A Consultant Ophthalmologist at Moorfields Eye Hospital, Pearse is an award-winning specialist in applied clinical imaging.

In your view, what has been the biggest breakthrough in 2018?

My colleague at Moorfields, Anthony Khawaja (with many others) used the huge datasets from UK Biobank to identify more than 60 new genetic markers of glaucoma. I think this could have huge implications for glaucoma screening in the future.

In what areas do you think eye research will make the most progress in 2019?

Ophthalmology leads the way in the application of artificial intelligence (AI) to healthcare. In 2019, I think we will see research in this area becoming more mature. I’m also looking forward to starting my research into the link between neurodegenerative conditions and sight loss. My research will use AI to analyse millions of retinal images and design an early diagnostic technique, which would be a huge step forward in the early treatment of people with neurogenerative conditions.
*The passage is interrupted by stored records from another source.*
(* Let $K,\bar M\ge 1$ be integers, $\lambda>0$, $d>0$, $D>0$, and let $\xi_1,\dots,\xi_K$ be independent random variables, each uniformly distributed on $[0,D]$. Consider the array of $K\bar M$ sensors with positions $\zeta_{(k,m)}=\xi_k+(m-1)d$, $k=1,\dots,K$, $m=1,\dots,\bar M$. For an angle $\theta\in(-\pi/2,\pi/2)$ let $\bm g(\theta)\in\mathbb{C}^{K\bar M}$ have entries $\exp(\jmath\frac{2\pi}{\lambda}\zeta_{(k,m)}\sin\theta)$ (with $\jmath=\sqrt{-1}$). For fixed angles $\theta_i,\theta_j$ define $$\mathcal G_{i,j}=\frac{\bm g(\theta_j)^H\bm g(\theta_i)}{\|\bm g(\theta_i)\|_2\,\|\bm g(\theta_j)\|_2},$$ and set $\varphi_{i,j}=\frac{\pi d}{\lambda}(\sin\theta_i-\sin\theta_j)$, $\rho_{i,j}=\frac{\pi D}{\lambda}(\sin\theta_i-\sin\theta_j)$, $\mathcal M_{i,j}=\frac{\sin(\bar M\varphi_{i,j})}{\bar M\sin\varphi_{i,j}}$. Then $$\big|\mathbb{E}[\mathcal G_{i,j}]\big|=|\mathcal M_{i,j}|\cdot\left|\frac{\sin\rho_{i,j}}{\rho_{i,j}}\right|,\qquad \mathbb{E}\big[|\mathcal G_{i,j}|^2\big]=|\mathcal M_{i,j}|^2\left(\frac1K+\Big(1-\frac1K\Big)\left|\frac{\sin\rho_{i,j}}{\rho_{i,j}}\right|^2\right),$$ with $\sin(0)/0$ and $\frac{\sin(\bar M\varphi)}{\bar M\sin\varphi}$ at zeros of $\sin\varphi$ interpreted by their limiting values.
   Context: This describes a fully calibrated distributed array of $K$ identical uniform linear subarrays, each with $\bar M$ sensors at spacing $d$; $\xi_k$ is the position of the first sensor of the $k$-th subarray, $D$ the whole array aperture, $\lambda$ the wavelength; $\mathcal G_{i,j}$ is the angular correlation coefficient between steering vectors for directions $\theta_i$ and $\theta_j$. *)

theory Defs
  imports "HOL-Probability.Probability"
begin

definition sensor_idx :: "nat \<Rightarrow> nat \<Rightarrow> (nat \<times> nat) set" where
  "sensor_idx K Mb = {..<K} \<times> {..<Mb}"

text \<open>Position of sensor (k,m): xi_k + m*d (0-based m, i.e. (m-1)d in 1-based indexing).\<close>
definition sensor_pos :: "(nat \<Rightarrow> real) \<Rightarrow> real \<Rightarrow> nat \<times> nat \<Rightarrow> real" where
  "sensor_pos xi d km = xi (fst km) + real (snd km) * d"

definition steering :: "real \<Rightarrow> real \<Rightarrow> (nat \<Rightarrow> real) \<Rightarrow> real \<Rightarrow> nat \<times> nat \<Rightarrow> complex" where
  "steering lam d xi \<theta> km = exp (\<i> * complex_of_real (2 * pi / lam * sensor_pos xi d km * sin \<theta>))"

definition steering_norm :: "nat \<Rightarrow> nat \<Rightarrow> real \<Rightarrow> real \<Rightarrow> (nat \<Rightarrow> real) \<Rightarrow> real \<Rightarrow> real" where
  "steering_norm K Mb lam d xi \<theta> = sqrt (\<Sum>km\<in>sensor_idx K Mb. (cmod (steering lam d xi \<theta> km))\<^sup>2)"

definition angular_corr :: "nat \<Rightarrow> nat \<Rightarrow> real \<Rightarrow> real \<Rightarrow> (nat \<Rightarrow> real) \<Rightarrow> real \<Rightarrow> real \<Rightarrow> complex" where
  "angular_corr K Mb lam d xi \<theta>i \<theta>j =
     (\<Sum>km\<in>sensor_idx K Mb. cnj (steering lam d xi \<theta>j km) * steering lam d xi \<theta>i km)
     / complex_of_real (steering_norm K Mb lam d xi \<theta>i * steering_norm K Mb lam d xi \<theta>j)"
Do you have any professional New Year’s resolutions for 2019?

My number one professional resolution is to try to be more selective in the talks that I give at conferences and the projects that I take on. I hope to be able to reduce the amount of time away from my family, as well as spending more time reading and generating new research ideas and a bit less time on project management and admin!

Do you have any personal New Year’s resolutions for 2019?

Not really! If I can crack the professional New Year’s resolutions, it will have lots of knock-on benefits for my personal life!